Para o historiador e professor Paulo Chitunda, mestre em História pela Universidade Federal do Rio Grande do Norte (UFRN), no momento em que a prática do cristianismo passa a ser permitida, posteriormente se tornando a religião oficial do Império Romano, a religião absorve o calendário pagão já praticado por todos os povos subjugados por Roma durante várias gerações. Mantiveram-se as datas, para não romper severamente com as tradições, mas se transferiu o sentido da festa. Assim, a festa pagã da fertilidade, em comemoração ao início da colheita na primavera, passa a ser comemorada em lembrança ao sacrifício de Cristo na cruz.

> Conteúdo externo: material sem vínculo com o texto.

(* For $n\in\mathbb{N}_{\geq1}$ let $\widetilde c(n)$ be the number of rooted binary trees with $n$ leaves and minimal Colless index, and $\widetilde s(n)$ the number of rooted binary trees with $n$ leaves and minimal Sackin index. Then $\widetilde c(n)\leq\widetilde s(n)$.
   Context: A rooted binary tree with $n\geq 2$ leaves is a rooted tree whose root has degree 2 and all other internal nodes have degree 3; for $n=1$ it is a single node; trees are counted up to isomorphism. For a node $u$ let $n_u$ be the number of leaves in the subtree rooted at $u$. The Colless index is $\mathcal{C}(T)=\sum_v|n_{v_1}-n_{v_2}|$ over internal nodes $v$ with children $v_1,v_2$; the Sackin index is $\mathcal{S}(T)=\sum_u n_u$ over internal nodes $u$. Minimality is among all rooted binary trees with $n$ leaves. *)

theory Defs
  imports Main
begin

text \<open>Rooted binary trees (unlabelled, ordered representation); a leaf, or a root
with two children.  Isomorphism (as rooted unordered trees) is generated by
swapping children at internal nodes.\<close>

datatype btree = Leaf | Node btree btree

fun leaves :: "btree \<Rightarrow> nat" where
  "leaves Leaf = 1"
| "leaves (Node l r) = leaves l + leaves r"

inductive iso :: "btree \<Rightarrow> btree \<Rightarrow> bool" where
  iso_leaf: "iso Leaf Leaf"
| iso_node: "iso l l' \<Longrightarrow> iso r r' \<Longrightarrow> iso (Node l r) (Node l' r')"
| iso_swap: "iso l r' \<Longrightarrow> iso r l' \<Longrightarrow> iso (Node l r) (Node l' r')"

definition isorel :: "(btree \<times> btree) set" where
  "isorel = {(s, t). iso s t}"

fun colless :: "btree \<Rightarrow> nat" where
  "colless Leaf = 0"
| "colless (Node l r) = colless l + colless r + nat \<bar>int (leaves l) - int (leaves r)\<bar>"

fun sackin :: "btree \<Rightarrow> nat" where
  "sackin Leaf = 0"
| "sackin (Node l r) = sackin l + sackin r + leaves l + leaves r"

definition trees_with :: "nat \<Rightarrow> btree set" where
  "trees_with n = {t. leaves t = n}"

definition min_colless_trees :: "nat \<Rightarrow> btree set" where
  "min_colless_trees n = {t \<in> trees_with n. \<forall>t' \<in> trees_with n. colless t \<le> colless t'}"

definition min_sackin_trees :: "nat \<Rightarrow> btree set" where
  "min_sackin_trees n = {t \<in> trees_with n. \<forall>t' \<in> trees_with n. sackin t \<le> sackin t'}"

definition c_tilde :: "nat \<Rightarrow> nat" where
  "c_tilde n = card (min_colless_trees n // isorel)"

definition s_tilde :: "nat \<Rightarrow> nat" where
  "s_tilde n = card (min_sackin_trees n // isorel)"

end

theory Submission
  imports Defs
begin

text \<open>Let colless_mb n be the Colless index of the maximally balanced tree with n leaves.
Along the recursion of the Colless index, colless t - colless_mb (leaves t) is the sum over the
internal nodes of t of a defect depending only on the two subtree sizes a and b. Strong induction
on a + b, through the halving recursion of colless_mb, shows that the defect is nonnegative and
vanishes only if a and b lie in a common interval [2^j, 2^(j+1)]. So colless_mb n is the minimal
Colless index, and every Colless-minimal tree is balanced in this dyadic sense at each node.
For every j, n(j+2) - 2^(j+1) is a lower bound for the Sackin index; it is largest for the j with
2^j \<le> n \<le> 2^(j+1), and dyadically balanced trees attain it there. Hence every Colless-minimal
tree is Sackin-minimal, and this inclusion survives passing to isomorphism classes.\<close>

fun mb_tree :: "nat \<Rightarrow> btree" where
  "mb_tree n = (if n \<le> 1 then Leaf else Node (mb_tree ((n + 1) div 2)) (mb_tree (n div 2)))"
(* Let $\{a_n\}_{n\ge 0}$ be a sequence of positive real numbers. Suppose there are real numbers $c>0$ and $0<\alpha\le\beta$ such that $\mathscr{R}^2 a_n = a_na_{n+2}/a_{n+1}^2$ has a Puiseux-type approximation of the form \[ \mathscr{R}^2 a_n = 1+\frac{c}{n^{\alpha}}+\cdots+o\!\left(\frac{1}{n^{\beta}}\right), \] i.e. there exist an integer $m\ge 1$, real exponents $\alpha=\alpha_1<\alpha_2<\cdots<\alpha_m$ and real coefficients $c_1=c,c_2,\dots,c_m$ such that $\lim_{n\to\infty} n^{\beta}\bigl(\mathscr{R}^2a_n-1-\sum_{i=1}^m c_i n^{-\alpha_i}\bigr)=0$. Then $\{a_n\}_{n\ge0}$ is asymptotically $r$-log-convex for \[ r=\begin{cases}\lfloor \beta/\alpha\rfloor, & \text{if } \alpha<2,\\[3pt] \left\lfloor \frac{\beta-\alpha}{2}\right\rfloor+1, & \text{if } \alpha\ge 2.\end{cases} \]
   Context: $\mathscr{L}a_n=a_na_{n+2}-a_{n+1}^2$ and $\mathscr{L}^k a_n=\mathscr{L}(\mathscr{L}^{k-1}a_n)$. A sequence is $r$-log-convex if $\{\mathscr{L}a_n\},\{\mathscr{L}^2a_n\},\dots,\{\mathscr{L}^r a_n\}$ are all nonnegative sequences; it is asymptotically $r$-log-convex if there is $N$ such that $\mathscr{L}^k a_n\ge 0$ for all $k=1,\dots,r$ and all $n\ge N$. A Puiseux-type approximation of $f_n$ is $g_n=\sum_{i=0}^m c_i n^{-\alpha_i}$ ($\alpha_0<\cdots<\alpha_m$) with $n^{\alpha_m}(f_n-g_n)\to 0$; trailing terms are abbreviated with little-o notation. $\lfloor x\rfloor$ is the floor of $x$. *)

theory Defs
  imports Complex_Main
begin

definition Lop :: "(nat \<Rightarrow> real) \<Rightarrow> (nat \<Rightarrow> real)" where
  "Lop a = (\<lambda>n. a n * a (n + 2) - (a (n + 1))\<^sup>2)"

definition asymp_r_log_convex :: "nat \<Rightarrow> (nat \<Rightarrow> real) \<Rightarrow> bool" where
  "asymp_r_log_convex r a \<longleftrightarrow>
     (\<exists>N. \<forall>k\<in>{1..r}. \<forall>n\<ge>N. (Lop ^^ k) a n \<ge> 0)"

end

theory Submission
  imports Defs "HOL-Library.Landau_Symbols" "HOL-Real_Asymp.Real_Asymp"
begin

text \<open>
  Write \<open>x = \<R>\<^sup>2 b - 1\<close>, so that \<open>\<L> b n = b(n+1)^2 x(n)\<close> and
  \<open>\<R>\<^sup>2 (\<L> b) n = (1 + x(n+1))^2 \<R>\<^sup>2 x(n)\<close>. Suppose \<open>x(n) = n^(-g) (C + v(n)) + o(n^(-d))\<close>
  with \<open>C > 0\<close> and a remainder \<open>v\<close> of positive order whose \<open>i\<close>-th differences decay
  \<open>i\<close> powers of \<open>n\<close> faster. Then \<open>\<L> b\<close> is eventually positive, and a discrete Taylor
  expansion shows that \<open>\<L> b\<close> satisfies the same hypothesis with exponent \<open>min g 2\<close>
  (from the terms \<open>2 x(n+1) \<approx> 2 C n^(-g)\<close> and \<open>\<R>\<^sup>2 x(n) - 1 \<approx> g n^(-2)\<close>, both
  positive) and error \<open>o(n^(-(d-g)))\<close>. Starting from \<open>(g, d) = (\<alpha>, \<beta>)\<close>, the
  \<open>k\<close>-th iterate is therefore eventually positive as long as
  \<open>\<alpha> + (k - 1) min \<alpha> 2 \<le> \<beta>\<close>, which is the stated bound on \<open>r\<close>.
\<close>

section \<open>Forward differences and power weights\<close>

definition fdiff :: "(nat \<Rightarrow> real) \<Rightarrow> nat \<Rightarrow> real" where
  "fdiff u = (\<lambda>n. u (Suc n) - u n)"

lemma funpow_fdiff_Suc: "(fdiff ^^ Suc i) u = (fdiff ^^ i) (fdiff u)"
  unfolding funpow_Suc_right by simp

lemma funpow_fdiff_add: "(fdiff ^^ i) (\<lambda>n. u n + v n) = (\<lambda>n. (fdiff ^^ i) u n + (fdiff ^^ i) v n)"
  by (induction i) (auto simp: fdiff_def)

lemma funpow_fdiff_diff: "(fdiff ^^ i) (\<lambda>n. u n - v n) = (\<lambda>n. (fdiff ^^ i) u n - (fdiff ^^ i) v n)"
  by (induction i) (auto simp: fdiff_def)

lemma funpow_fdiff_cmult: "(fdiff ^^ i) (\<lambda>n. c * u n) = (\<lambda>n. c * (fdiff ^^ i) u n)"
  by (induction i) (auto simp: fdiff_def algebra_simps)

lemma funpow_fdiff_shift: "(fdiff ^^ i) (\<lambda>n. u (Suc n)) = (\<lambda>n. (fdiff ^^ i) u (Suc n))"
  by (induction i) (auto simp: fdiff_def)

lemma funpow_fdiff_const: "(fdiff ^^ Suc i) (\<lambda>n. c) = (\<lambda>n. 0)"
  by (induction i) (simp_all add: fdiff_def)

lemma funpow_fdiff_zero [simp]: "(fdiff ^^ i) (\<lambda>n. 0) = (\<lambda>n. 0)"
  by (induction i) (simp_all add: fdiff_def)

lemma funpow_fdiff_eventually_cong:
  assumes "eventually (\<lambda>n. u n = v n) sequentially"
  shows "eventually (\<lambda>n. (fdiff ^^ i) u n = (fdiff ^^ i) v n) sequentially"
proof -
  from assms obtain N where "\<forall>n\<ge>N. u n = v n" by (auto simp: eventually_sequentially)
  then have "\<forall>n\<ge>N. (fdiff ^^ i) u n = (fdiff ^^ i) v n"
    by (induction i) (auto simp: fdiff_def)
  then show ?thesis by (auto simp: eventually_sequentially)
qed

lemma powr_bigo_powr_iff: "(\<lambda>n::nat. real n powr p) \<in> O(\<lambda>n. real n powr q) \<longleftrightarrow> p \<le> q"
  by (intro powr_bigo_iff filterlim_real_sequentially) simp

lemma bigo_powr_mono:
  "f \<in> O(\<lambda>n. real n powr p) \<Longrightarrow> p \<le> q \<Longrightarrow> f \<in> O(\<lambda>n. real n powr q)"
  by (erule landau_o.big_trans) (simp add: powr_bigo_powr_iff)

lemma smallo_powr_mono:
  "f \<in> o(\<lambda>n. real n powr p) \<Longrightarrow> p \<le> q \<Longrightarrow> f \<in> o(\<lambda>n. real n powr q)"
  by (erule landau_o.small_big_trans) (simp add: powr_bigo_powr_iff)

lemma bigo_powr_mult:
  assumes "f \<in> O(\<lambda>n. real n powr p)" "g \<in> O(\<lambda>n. real n powr q)"
  shows "(\<lambda>n. f n * g n) \<in> O(\<lambda>n. real n powr (p + q))"
  using landau_o.big.mult[OF assms] by (simp add: powr_add[symmetric])

lemma smallo_bigo_powr_mult:
  assumes "f \<in> o(\<lambda>n. real n powr p)" "g \<in> O(\<lambda>n. real n powr q)"
  shows "(\<lambda>n. f n * g n) \<in> o(\<lambda>n. real n powr (p + q))"
  using landau_o.small_big_mult[OF assms] by (simp add: powr_add[symmetric])

lemma powr_Suc_bigtheta: "(\<lambda>n::nat. real (Suc n) powr p) \<in> \<Theta>(\<lambda>n. real n powr p)"
  by real_asymp

lemma bigo_powr_Suc:
  assumes "f \<in> O(\<lambda>n. real n powr p)"
  shows "(\<lambda>n. f (Suc n)) \<in> O(\<lambda>n. real n powr p)"
proof -
  have "(\<lambda>n. f (Suc n)) \<in> O(\<lambda>n. real (Suc n) powr p)"
    using landau_o.big.compose[OF assms filterlim_Suc] by simp
  also have "(\<lambda>n. real (Suc n) powr p) \<in> O(\<lambda>n. real n powr p)"
    using powr_Suc_bigtheta by (rule bigthetaD1)
  finally show ?thesis .
qed

lemma smallo_powr_Suc:
  assumes "f \<in> o(\<lambda>n. real n powr p)"
  shows "(\<lambda>n. f (Suc n)) \<in> o(\<lambda>n. real n powr p)"
proof -
  have "(\<lambda>n. f (Suc n)) \<in> o(\<lambda>n. real (Suc n) powr p)"
    using landau_o.small.compose[OF assms filterlim_Suc] by simp
  also have "(\<lambda>n. real (Suc n) powr p) \<in> O(\<lambda>n. real n powr p)"
    using powr_Suc_bigtheta by (rule bigthetaD1)
  finally show ?thesis .
qed

lemma smallo_powr_tendsto_0:
  assumes "f \<in> o(\<lambda>n. real n powr (-d))" "0 \<le> d"
  shows "f \<longlonglongrightarrow> 0"
proof -
  have "f \<in> o(\<lambda>n. real n powr 0)"
    by (rule smallo_powr_mono[OF assms(1)]) (use assms(2) in simp)
  also have "(\<lambda>n::nat. real n powr 0) \<in> O(\<lambda>_. 1)"
    by real_asymp
  finally show ?thesis
    using smalloD_tendsto by fastforce
qed
lemma count1234_Suc_Nil:
  "1 \<le> z \<Longrightarrow> count1234 (x, y, z) [] (Suc n)
    = (if n = 0 then 1 else 0) + (\<Sum>b\<in>{x + 1..y}. count1234 (x, b, 1) [] n)"
  by (simp add: path_count_Suc_Nil[OF finite_sucP1234] unrecorded_sucP1234 sum.reindex inj_on_def)

lemma count1234_Suc_Cons:
  "1 \<le> z \<Longrightarrow> count1234 (x, y, z) (a # g) (Suc n)
    = (if 2 \<le> a \<and> a \<le> x + 1 then \<Sum>z'\<in>{1..z}. count1234 (a, y + 1, z') g n else 0)
      + (\<Sum>b\<in>{x + 1..y}. count1234 (x, b, 1) (a # g) n)"
  by (simp add: path_count_Suc_Cons[OF finite_sucP1234] recorded_sucP1234 unrecorded_sucP1234
      sum.reindex inj_on_def)

lemma count2143_Suc_Nil:
  "1 \<le> z \<Longrightarrow> count2143 (x, y, z) [] (Suc n)
    = (if n = 0 then 1 else 0) + (\<Sum>b\<in>{x + 1..y}. count2143 (x, b, z) [] n)"
  by (simp add: path_count_Suc_Nil[OF finite_sucP2143] unrecorded_sucP2143 sum.reindex inj_on_def)

lemma count2143_Suc_Cons:
  "1 \<le> z \<Longrightarrow> count2143 (x, y, z) (a # g) (Suc n)
    = (if 2 \<le> a \<and> a \<le> x + 1
       then count2143 (a, y + 1, z) g n + (\<Sum>z'\<in>{1..z - 1}. count2143 (a, x + 1, z') g n) else 0)
      + (\<Sum>b\<in>{x + 1..y}. count2143 (x, b, z) (a # g) n)"
  by (simp add: path_count_Suc_Cons[OF finite_sucP2143] recorded_sucP2143 unrecorded_sucP2143
      sum.reindex inj_on_def image_iff)

lemma count1234_level_indep:
  assumes "1 \<le> z" and "\<forall>a g'. g = a # g' \<longrightarrow> \<not> (2 \<le> a \<and> a \<le> x + 1)"
  shows "count1234 (x, y, z) g n = count1234 (x, y, 1) g n"
  using assms by (cases n; cases g) (auto simp: count1234_Suc_Nil count1234_Suc_Cons)

lemma count1234_level_Cons:
  "1 \<le> z \<Longrightarrow> count1234 (x, y, z) (a # g) (Suc n) = count1234 (x, y, 1) (a # g) (Suc n)
    + (if 2 \<le> a \<and> a \<le> x + 1 then \<Sum>z'\<in>{2..z}. count1234 (a, y + 1, z') g n else 0)"
  by (simp add: count1234_Suc_Cons sum_int_cl_ivl_first[of 1 z])

lemma count1234_y_step:
  "x \<le> y \<Longrightarrow> 1 \<le> z \<Longrightarrow> count1234 (x, y + 1, z) g (Suc n)
    = count1234 (x, y, z) g (Suc n) + count1234 (x, y + 1, z + 1) g n"
proof (induction g arbitrary: x y z n)
  case Nil
  then show ?case
    using count1234_level_indep[of "z + 1" "[]" x "y + 1" n]
    by (simp add: count1234_Suc_Nil sum_int_cl_ivl_last[of "x + 1" "y + 1"])
next
  case (Cons a g)
  show ?case
  proof (cases n)
    case 0
    with Cons.prems show ?thesis
      by (simp add: count1234_Suc_Cons)
  next
    case (Suc m)
    have IH: "count1234 (a, y + 1 + 1, z') g (Suc m)
        = count1234 (a, y + 1, z') g (Suc m) + count1234 (a, y + 1 + 1, z' + 1) g m"
      if "2 \<le> a" "a \<le> x + 1" "1 \<le> z'" for z'
      using Cons.IH[of a "y + 1" z' m] that Cons.prems by (simp add: ac_simps)
    have "(\<Sum>z'\<in>{1..z}. count1234 (a, y + 1 + 1, z') g (Suc m))
        = (\<Sum>z'\<in>{1..z}. count1234 (a, y + 1, z') g (Suc m))
          + (\<Sum>z'\<in>{2..z + 1}. count1234 (a, y + 1 + 1, z') g m)"
      if "2 \<le> a" "a \<le> x + 1"
      using IH that sum_int_cl_ivl_shift[of "\<lambda>z'. count1234 (a, y + 1 + 1, z') g m" 1 z]
      by (simp add: sum.distrib)
    then show ?thesis
      using Cons.prems count1234_level_Cons[of "z + 1" x "y + 1" a g m]
      by (simp add: Suc count1234_Suc_Cons[of z] sum_int_cl_ivl_last[of "x + 1" "y + 1"])
  qed
qed

lemma count1234_telescope_step:
  assumes "2 \<le> a" "a \<le> x + 1" "x \<le> y" "1 \<le> z"
  shows "count1234 (x, y + 1, z) (a # g) n + (\<Sum>z'\<in>{1..z - 1}. count1234 (a, y + 1, z') g n)
    = count1234 (x, y + 1, 1) (a # g) n + (\<Sum>z'\<in>{1..z - 1}. count1234 (a, y + 1 + 1, z') g n)"
proof (cases n)
  case (Suc m)
  have "(\<Sum>z'\<in>{1..z - 1}. count1234 (a, y + 1 + 1, z') g (Suc m))
      = (\<Sum>z'\<in>{1..z - 1}. count1234 (a, y + 1, z') g (Suc m))
        + (\<Sum>z'\<in>{1..z - 1}. count1234 (a, y + 1 + 1, z' + 1) g m)"
    unfolding sum.distrib[symmetric]
    using assms by (intro sum.cong refl count1234_y_step) auto
  also have "(\<Sum>z'\<in>{1..z - 1}. count1234 (a, y + 1 + 1, z' + 1) g m)
      = (\<Sum>z'\<in>{2..z}. count1234 (a, y + 1 + 1, z') g m)"
    using sum_int_cl_ivl_shift[of "\<lambda>z'. count1234 (a, y + 1 + 1, z') g m" 1 "z - 1"] by simp
  finally show ?thesis
    using assms count1234_level_Cons[of z x "y + 1" a g m] by (simp add: Suc)
qed simp

lemma count1234_telescope:
  assumes "2 \<le> a" "a \<le> x + 1" "x \<le> y" "1 \<le> z"
  shows "(\<Sum>b\<in>{x + 1..y}. count1234 (x, b, z) (a # g) n)
      + (\<Sum>z'\<in>{1..z - 1}. count1234 (a, x + 1, z') g n)
    = (\<Sum>b\<in>{x + 1..y}. count1234 (x, b, 1) (a # g) n)
      + (\<Sum>z'\<in>{1..z - 1}. count1234 (a, y + 1, z') g n)"
  using \<open>x \<le> y\<close>
proof (induction y rule: int_ge_induct)
  case (step y)
  then show ?case
    using count1234_telescope_step[OF assms(1,2) step.hyps assms(4), of g n]
    by (simp add: sum_int_cl_ivl_last[of "x + 1" "y + 1"])
qed simp

lemma count1234_eq_count2143:
  "x \<le> y \<Longrightarrow> 1 \<le> z \<Longrightarrow> count1234 (x, y, z) g n = count2143 (x, y, z) g n"
proof (induction n arbitrary: x y z g)
  case (Suc n)
  have IH: "count2143 (x', y', z') h n = count1234 (x', y', z') h n"
    if "x' \<le> y'" "1 \<le> z'" for x' y' z' h
    using Suc.IH that by simp
  show ?case
  proof (cases g)
    case Nil
    then show ?thesis
      using Suc.prems count1234_level_indep[of z "[]" x _ n]
      by (simp add: count1234_Suc_Nil count2143_Suc_Nil IH)
  next
    case (Cons a g')
    show ?thesis
    proof (cases "2 \<le> a \<and> a \<le> x + 1")
      case True
      then show ?thesis
        using Suc.prems count1234_telescope[of a x y z g' n]
        by (simp add: Cons count1234_Suc_Cons count2143_Suc_Cons IH sum_int_cl_ivl_last[of 1 z])
    next
      case False
      then show ?thesis
        using Suc.prems count1234_level_indep[of z "a # g'" x _ n]
        by (auto simp: Cons count1234_Suc_Cons count2143_Suc_Cons IH)
    qed
  qed
qed simp

theorem lemma3p6:
  fixes k q :: int and \<gamma> :: "int list"
  assumes "k \<ge> 0" and "q \<ge> 1" and "length \<gamma> \<ge> 1"
    and "\<gamma> ! 0 \<ge> 2"
    and "\<forall>i. i + 1 < length \<gamma> \<longrightarrow> 2 \<le> \<gamma> ! (i + 1) \<and> \<gamma> ! (i + 1) \<le> \<gamma> ! i + 1"
  shows "F1234 k q \<gamma> = F2143 k q \<gamma>"
proof -
  (* The constraint on the later entries of \<gamma> is not needed: the counts agree for every signature. *)
  obtain a g where \<gamma>: "\<gamma> = a # g"
    using assms(3) by (cases \<gamma>) auto
  have "count1234 (a, a + k, q) g n = count2143 (a, a + k, q) g n" for n
    using assms \<gamma> by (intro count1234_eq_count2143) auto
  then show ?thesis
    using assms by (simp add: \<gamma> F1234_def F2143_def Fgen_eq_path_count)
qed

end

Coisa semelhante acontece com o Natal: o nascimento de Cristo precisava de uma data para ser comemorado. A Igreja, então, substitui a celebração do nascimento de Júpiter, comemorado no dia 25 de dezembro. "É uma incorporação das datas pagãs, mas com o intuito de desfocar do paganismo sem romper com ele de forma brusca. Percebe-se que não é uma questão de apenas manter a essência de um culto original que Cristo instituiu, mas sim uma questão política, porque você não está querendo desagradar as pessoas por completo. Isso passa de geração em geração e, até hoje, as pessoas pensam que Cristo nasceu no dia 25 de dezembro e ressuscitou 40 dias depois do carnaval. Na Páscoa, temos o coelho, que não tem nada a ver com o cristianismo, e sim uma simbologia da fertilidade agrícola", comenta Paulo Chitunda. "Hoje em dia, no capitalismo, essas datas cristãs são um verdadeiro festival para o comércio", completa o historiador.
Vela Círio Pascal que fica acesa durante toda a Quaresma
Segundo o Padre Adriano Araújo, da Paróquia de Santo Antônio, localizada no bairro do Arruda, no Recife, a Páscoa é a celebração central do ano litúrgico, que é diferente do ano civil. O calendário litúrgico começa com a celebração do Domingo do Advento – que é o primeiro dia da preparação para o Natal - e passa por todas as celebrações cristãs, até chegar no último domingo anterior ao início do Advento, com a celebração da missa 'Cristo, o Rei do Universo', quando se inicia o outro ano litúrgico.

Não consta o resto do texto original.